----- GIVEN RECORDS -----
(* Let $\nu>0$, $Q\sim\chi^2_\nu$, $\theta_1\in\mathbb{R}$, $\theta_2>0$, $\theta_3>0$, and $Y=\theta_1-\theta_2\log(Q)+\theta_3Q$. Then the moment generating function $E(e^{tY})$ is finite for $t<\frac12\min(\nu/\theta_2,1/\theta_3)$, and the cumulants $\kappa_j$ of $Y$ are $$\kappa_1=\theta_1-\theta_2\log 2+\nu\theta_3-\theta_2\psi^{(0)}\!\left(\tfrac{\nu}{2}\right),$$ $$\kappa_j=2^{j-1}\Gamma(j-1)\,\theta_3^{j-1}\big(-j\theta_2+(j-1)\nu\theta_3\big)+(-1)^j\theta_2^j\,\psi^{(j-1)}\!\left(\tfrac{\nu}{2}\right),\qquad j=2,3,\dots$$ In particular, the mean is $\kappa_1$, the variance is $2\theta_3(-2\theta_2+\nu\theta_3)+\theta_2^2\psi^{(1)}(\nu/2)$, the skewness $\kappa_3/\kappa_2^{3/2}$ has numerator $4\theta_3^2(-3\theta_2+2\nu\theta_3)-\theta_2^3\psi^{(2)}(\nu/2)$, and $\kappa_4/\kappa_2^2$ has numerator $16\theta_3^3(-4\theta_2+3\nu\theta_3)+\theta_2^4\psi^{(3)}(\nu/2)$.
   Context: $\chi^2_\nu$ denotes the chi-squared distribution with $\nu$ degrees of freedom. $\psi^{(m)}$ is the polygamma function of order $m$, i.e. the $(m+1)$-th derivative of $\log\Gamma$; $\psi^{(0)}$ is the digamma function. *)

theory Defs
  imports "HOL-Probability.Probability"
begin

definition chi2_density :: "real \<Rightarrow> real \<Rightarrow> real" where
  "chi2_density \<nu> q =
     (if q > 0 then q powr (\<nu> / 2 - 1) * exp (- q / 2) / (2 powr (\<nu> / 2) * Gamma (\<nu> / 2))
      else 0)"

definition mgf :: "'a measure \<Rightarrow> ('a \<Rightarrow> real) \<Rightarrow> real \<Rightarrow> real" where
  "mgf M Y t = (\<integral>\<omega>. exp (t * Y \<omega>) \<partial>M)"

definition cgf :: "'a measure \<Rightarrow> ('a \<Rightarrow> real) \<Rightarrow> real \<Rightarrow> real" where
  "cgf M Y t = ln (mgf M Y t)"

definition cumulant :: "'a measure \<Rightarrow> ('a \<Rightarrow> real) \<Rightarrow> nat \<Rightarrow> real" where
  "cumulant M Y j = (deriv ^^ j) (cgf M Y) 0"

end

theory Submission
  imports Defs
begin

(*
  For t < c, exp (t Y) = exp (t \<theta>1) Q^(-\<theta>2 t) exp (\<theta>3 t Q), and integrating against the
  chi-squared density gives a Gamma integral.  So the cumulant generating function on (-\<infinity>, c) is
    K t = t (\<theta>1 - \<theta>2 ln 2) + ln \<Gamma>(\<nu>/2 - \<theta>2 t) - ln \<Gamma>(\<nu>/2) - (\<nu>/2 - \<theta>2 t) ln (1 - 2 \<theta>3 t),
  whose derivatives are polygamma values plus, by Leibniz's rule for the affine factor, derivatives
  of ln (1 - 2 \<theta>3 t); evaluating them at 0 gives the cumulants.  Mean and variance are the first
  two cumulants because the mgf may be differentiated twice under the integral sign: near t the
  integrands Y^k exp (s Y) are dominated by a multiple of exp (a Y) + exp (b Y) for a < t < b.
*)

lemma pow_le_fact_mult_exp:
  fixes x :: real
  assumes "0 \<le> x"
  shows "x ^ k \<le> fact k * exp x"
proof -
  have "(\<lambda>n. x ^ n / fact n) sums exp x"
    using exp_converges[of x] by (simp add: divide_inverse mult.commute)
  hence "(\<Sum>n\<in>{k}. x ^ n / fact n) \<le> exp x"
    using assms by (intro sums_le[OF _ sums_If_finite_set]) (auto simp: sums_iff)
  thus ?thesis by (simp add: divide_le_eq mult.commute)
qed

lemma exp_plus_abs_le_exp_add_exp:
  fixes a b s d y :: real
  assumes "a \<le> s - d" "s + d \<le> b"
  shows "exp (s * y + d * \<bar>y\<bar>) \<le> exp (a * y) + exp (b * y)"
proof (cases "y \<ge> 0")
  case True
  hence "(s + d) * y \<le> b * y" using assms by (intro mult_right_mono) auto
  hence "s * y + d * \<bar>y\<bar> \<le> b * y" using True by (simp add: algebra_simps)
  thus ?thesis by (simp add: add_increasing)
next
  case False
  hence "(s - d) * y \<le> a * y" using assms by (intro mult_right_mono_neg) auto
  hence "s * y + d * \<bar>y\<bar> \<le> a * y" using False by (simp add: algebra_simps)
  thus ?thesis by (simp add: add_increasing2)
qed

lemma abs_pow_mult_exp_le:
  fixes a b s d y :: real
  assumes "0 < d" "a \<le> s - 2 * d" "s + 2 * d \<le> b"
  shows "\<bar>y\<bar> ^ k * exp (s * y + d * \<bar>y\<bar>) \<le> fact k / d ^ k * (exp (a * y) + exp (b * y))"
proof -
  have "\<bar>y\<bar> ^ k = (d * \<bar>y\<bar>) ^ k / d ^ k" using assms(1) by (simp add: power_mult_distrib)
  also have "\<dots> \<le> fact k * exp (d * \<bar>y\<bar>) / d ^ k"
    using assms(1) by (intro divide_right_mono pow_le_fact_mult_exp) auto
  finally have "\<bar>y\<bar> ^ k * exp (s * y + d * \<bar>y\<bar>)
      \<le> fact k * exp (d * \<bar>y\<bar>) / d ^ k * exp (s * y + d * \<bar>y\<bar>)"
    by (rule mult_right_mono) simp
  also have "\<dots> = fact k / d ^ k * exp (s * y + 2 * d * \<bar>y\<bar>)"
    by (simp add: ac_simps exp_add[symmetric])
  also have "\<dots> \<le> fact k / d ^ k * (exp (a * y) + exp (b * y))"
    using assms exp_plus_abs_le_exp_add_exp[of a s "2 * d" b y] by (intro mult_left_mono) auto
  finally show ?thesis .
qed

lemma abs_exp_minus_one_le: "\<bar>exp x - 1\<bar> \<le> \<bar>x::real\<bar> * exp \<bar>x\<bar>"
proof (cases "x \<ge> 0")
  case True
  have "exp x - 1 \<le> x * exp x"
    using exp_ge_add_one_self[of "-x"] by (simp add: exp_minus field_simps)
  thus ?thesis using True by auto
next
  case False
  have "1 - exp x \<le> - x" using exp_ge_add_one_self[of x] by linarith
  also have "\<dots> \<le> - x * exp \<bar>x\<bar>" using False by (simp add: mult_le_cancel_left1)
  finally show ?thesis using False by (simp add: abs_if)
qed

lemma integrable_pow_mult_exp:
  fixes Y :: "'a \<Rightarrow> real"
  assumes [measurable]: "Y \<in> borel_measurable M" and "a < s" "s < b"
    and "integrable M (\<lambda>\<omega>. exp (a * Y \<omega>))" "integrable M (\<lambda>\<omega>. exp (b * Y \<omega>))"
  shows "integrable M (\<lambda>\<omega>. Y \<omega> ^ k * exp (s * Y \<omega>))"
proof -
  define d where "d = min (s - a) (b - s) / 2"
  have d: "0 < d" "a \<le> s - 2 * d" "s + 2 * d \<le> b" using assms(2,3) by (auto simp: d_def)
  show ?thesis
  proof (rule Bochner_Integration.integrable_bound)
    show "integrable M (\<lambda>\<omega>. fact k / d ^ k * (exp (a * Y \<omega>) + exp (b * Y \<omega>)))"
      using assms(4,5) by auto
    show "AE \<omega> in M. norm (Y \<omega> ^ k * exp (s * Y \<omega>))
                      \<le> norm (fact k / d ^ k * (exp (a * Y \<omega>) + exp (b * Y \<omega>)))"
    proof (intro AE_I2)
      fix \<omega>
      have "norm (Y \<omega> ^ k * exp (s * Y \<omega>)) \<le> \<bar>Y \<omega>\<bar> ^ k * exp (s * Y \<omega> + d * \<bar>Y \<omega>\<bar>)"
        using d by (simp add: abs_mult power_abs mult_left_mono)
      also have "\<dots> \<le> fact k / d ^ k * (exp (a * Y \<omega>) + exp (b * Y \<omega>))"
        by (rule abs_pow_mult_exp_le[OF d])
      finally show "norm (Y \<omega> ^ k * exp (s * Y \<omega>))
                      \<le> norm (fact k / d ^ k * (exp (a * Y \<omega>) + exp (b * Y \<omega>)))"
        using d(1) by simp
    qed
  qed measurable
qed

lemma abs_pow_mult_exp_quotient_le:
  fixes a b s t d y :: real
  assumes d: "0 < d" "a \<le> t - 2 * d" "t + 2 * d \<le> b" and s: "s \<noteq> t" "\<bar>s - t\<bar> < d"
  shows "\<bar>y ^ k * ((exp (s * y) - exp (t * y)) / (s - t))\<bar>
           \<le> fact (Suc k) / d ^ Suc k * (exp (a * y) + exp (b * y))"
proof -
  define h where "h = s - t"
  have h: "h \<noteq> 0" "\<bar>h\<bar> < d" using s by (simp_all add: h_def)
  have "s * y = t * y + h * y" by (simp add: h_def algebra_simps)
  hence "exp (s * y) - exp (t * y) = exp (t * y) * (exp (h * y) - 1)"
    by (simp add: exp_add right_diff_distrib)
  hence "\<bar>y ^ k * ((exp (s * y) - exp (t * y)) / (s - t))\<bar>
      = \<bar>y\<bar> ^ k * exp (t * y) * (\<bar>exp (h * y) - 1\<bar> / \<bar>h\<bar>)"
    by (simp add: h_def[symmetric] abs_mult power_abs)
  also have "\<dots> \<le> \<bar>y\<bar> ^ k * exp (t * y) * (\<bar>y\<bar> * exp (d * \<bar>y\<bar>))"
  proof (intro mult_left_mono)
    have "\<bar>exp (h * y) - 1\<bar> \<le> \<bar>h\<bar> * (\<bar>y\<bar> * exp (\<bar>h\<bar> * \<bar>y\<bar>))"
      using abs_exp_minus_one_le[of "h * y"] by (simp add: abs_mult)
    also have "\<dots> \<le> \<bar>h\<bar> * (\<bar>y\<bar> * exp (d * \<bar>y\<bar>))"
      using h by (intro mult_left_mono mult_right_mono) (auto intro: mult_right_mono)
    finally show "\<bar>exp (h * y) - 1\<bar> / \<bar>h\<bar> \<le> \<bar>y\<bar> * exp (d * \<bar>y\<bar>)"
      using h by (simp add: divide_le_eq mult.commute)
  qed auto
  also have "\<dots> = \<bar>y\<bar> ^ Suc k * exp (t * y + d * \<bar>y\<bar>)"
    by (simp add: exp_add)
  also have "\<dots> \<le> fact (Suc k) / d ^ Suc k * (exp (a * y) + exp (b * y))"
    by (rule abs_pow_mult_exp_le[OF d])
  finally show ?thesis .
qed

lemma integral_dominated_convergence_at_within:
  fixes f :: "'b :: first_countable_topology \<Rightarrow> 'a \<Rightarrow> 'c :: {banach, second_countable_topology}"
    and g :: "'a \<Rightarrow> 'c" and w :: "'a \<Rightarrow> real"
  assumes "\<And>s. f s \<in> borel_measurable M" and "g \<in> borel_measurable M" and "integrable M w"
    and "\<And>s. s \<in> S - {t} \<Longrightarrow> AE \<omega> in M. norm (f s \<omega>) \<le> w \<omega>"
    and "AE \<omega> in M. ((\<lambda>s. f s \<omega>) \<longlongrightarrow> g \<omega>) (at t within S)"
  shows "((\<lambda>s. \<integral>\<omega>. f s \<omega> \<partial>M) \<longlongrightarrow> (\<integral>\<omega>. g \<omega> \<partial>M)) (at t within S)"
  unfolding tendsto_at_iff_sequentially comp_def
proof (intro allI impI)
  fix X assume X: "\<forall>i. X i \<in> S - {t}" "X \<longlonglongrightarrow> t"
  show "(\<lambda>i. \<integral>\<omega>. f (X i) \<omega> \<partial>M) \<longlonglongrightarrow> (\<integral>\<omega>. g \<omega> \<partial>M)"
  proof (rule integral_dominated_convergence[OF assms(2,1,3)])
    show "AE \<omega> in M. (\<lambda>i. f (X i) \<omega>) \<longlonglongrightarrow> g \<omega>"
      using assms(5)
      by eventually_elim (use X in \<open>unfold tendsto_at_iff_sequentially comp_def, blast\<close>)
    show "AE \<omega> in M. norm (f (X i) \<omega>) \<le> w \<omega>" for i
      using X(1) by (intro assms(4)) blast
  qed
qed

lemma has_real_derivative_integral_pow_mult_exp:
  fixes Y :: "'a \<Rightarrow> real"
  assumes [measurable]: "Y \<in> borel_measurable M" and "a < t" "t < b"
    and ia: "integrable M (\<lambda>\<omega>. exp (a * Y \<omega>))" and ib: "integrable M (\<lambda>\<omega>. exp (b * Y \<omega>))"
  shows "((\<lambda>s. \<integral>\<omega>. Y \<omega> ^ k * exp (s * Y \<omega>) \<partial>M)
           has_real_derivative (\<integral>\<omega>. Y \<omega> ^ Suc k * exp (t * Y \<omega>) \<partial>M)) (at t)"
proof -
  define d where "d = min (t - a) (b - t) / 2"
  have d: "0 < d" "a \<le> t - 2 * d" "t + 2 * d \<le> b" using assms(2,3) by (auto simp: d_def)
  define q where "q s \<omega> = Y \<omega> ^ k * ((exp (s * Y \<omega>) - exp (t * Y \<omega>)) / (s - t))" for s \<omega>
  have int: "integrable M (\<lambda>\<omega>. Y \<omega> ^ k * exp (s * Y \<omega>))" if "s \<in> ball t d" for s
    using that d by (intro integrable_pow_mult_exp[OF _ _ _ ia ib]) (auto simp: dist_real_def)
  have quotient: "((\<integral>\<omega>. Y \<omega> ^ k * exp (s * Y \<omega>) \<partial>M) - (\<integral>\<omega>. Y \<omega> ^ k * exp (t * Y \<omega>) \<partial>M)) / (s - t)
      = (\<integral>\<omega>. q s \<omega> \<partial>M)" if "s \<in> ball t d" for s
  proof -
    have "(\<integral>\<omega>. Y \<omega> ^ k * exp (s * Y \<omega>) \<partial>M) - (\<integral>\<omega>. Y \<omega> ^ k * exp (t * Y \<omega>) \<partial>M)
        = (\<integral>\<omega>. Y \<omega> ^ k * exp (s * Y \<omega>) - Y \<omega> ^ k * exp (t * Y \<omega>) \<partial>M)"
      by (rule Bochner_Integration.integral_diff[symmetric, OF int[OF that] int]) (use d(1) in simp)
    also have "\<dots> / (s - t) = (\<integral>\<omega>. (Y \<omega> ^ k * exp (s * Y \<omega>) - Y \<omega> ^ k * exp (t * Y \<omega>)) / (s - t) \<partial>M)"
      by (rule integral_divide_zero[symmetric])
    also have "\<dots> = (\<integral>\<omega>. q s \<omega> \<partial>M)"
      by (intro Bochner_Integration.integral_cong) (simp_all add: q_def right_diff_distrib)
    finally show ?thesis by simp
  qed
  have "((\<lambda>s. \<integral>\<omega>. q s \<omega> \<partial>M) \<longlongrightarrow> (\<integral>\<omega>. Y \<omega> ^ Suc k * exp (t * Y \<omega>) \<partial>M)) (at t within ball t d)"
  proof (rule integral_dominated_convergence_at_within)
    show "integrable M (\<lambda>\<omega>. fact (Suc k) / d ^ Suc k * (exp (a * Y \<omega>) + exp (b * Y \<omega>)))"
      using ia ib by auto
    show "AE \<omega> in M. norm (q s \<omega>) \<le> fact (Suc k) / d ^ Suc k * (exp (a * Y \<omega>) + exp (b * Y \<omega>))"
      if "s \<in> ball t d - {t}" for s
    proof (intro AE_I2)
      fix \<omega>
      have "s \<noteq> t" "\<bar>s - t\<bar> < d" using that by (auto simp: dist_real_def abs_minus_commute)
      thus "norm (q s \<omega>) \<le> fact (Suc k) / d ^ Suc k * (exp (a * Y \<omega>) + exp (b * Y \<omega>))"
        unfolding q_def real_norm_def by (rule abs_pow_mult_exp_quotient_le[OF d])
    qed
    show "AE \<omega> in M. ((\<lambda>s. q s \<omega>) \<longlongrightarrow> Y \<omega> ^ Suc k * exp (t * Y \<omega>)) (at t within ball t d)"
    proof (intro AE_I2)
      fix \<omega>
      have "((\<lambda>s. exp (s * Y \<omega>)) has_real_derivative Y \<omega> * exp (t * Y \<omega>)) (at t)"
        by (auto intro!: derivative_eq_intros)
      hence "((\<lambda>s. (exp (s * Y \<omega>) - exp (t * Y \<omega>)) / (s - t)) \<longlongrightarrow> Y \<omega> * exp (t * Y \<omega>)) (at t)"
        by (simp add: has_field_derivative_iff)
      from tendsto_mult_left[OF this, of "Y \<omega> ^ k"]
      have "((\<lambda>s. q s \<omega>) \<longlongrightarrow> Y \<omega> ^ Suc k * exp (t * Y \<omega>)) (at t)"
        unfolding q_def by (simp add: mult_ac)
      thus "((\<lambda>s. q s \<omega>) \<longlongrightarrow> Y \<omega> ^ Suc k * exp (t * Y \<omega>)) (at t within ball t d)"
        by (rule tendsto_within_subset) simp
    qed
    show "q s \<in> borel_measurable M" for s
      unfolding q_def by measurable
  qed measurable
  hence "((\<lambda>s. \<integral>\<omega>. q s \<omega> \<partial>M) \<longlongrightarrow> (\<integral>\<omega>. Y \<omega> ^ Suc k * exp (t * Y \<omega>) \<partial>M)) (at t)"
    using at_within_open[of t "ball t d"] d(1) by simp
  moreover have "\<forall>\<^sub>F s in at t. s \<in> ball t d"
    using d(1) by (intro eventually_at_in_open') auto
  hence "\<forall>\<^sub>F s in at t. (\<integral>\<omega>. q s \<omega> \<partial>M)
      = ((\<integral>\<omega>. Y \<omega> ^ k * exp (s * Y \<omega>) \<partial>M) - (\<integral>\<omega>. Y \<omega> ^ k * exp (t * Y \<omega>) \<partial>M)) / (s - t)"
    by eventually_elim (simp add: quotient)
  ultimately show ?thesis
    unfolding has_field_derivative_iff by (rule Lim_transform_eventually)
qed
-----
TASK ITEM:
Exactly how many lines of the records include "imports"? Provide the number by itself.

SOLUTION FOR THIS PROBLEM:
2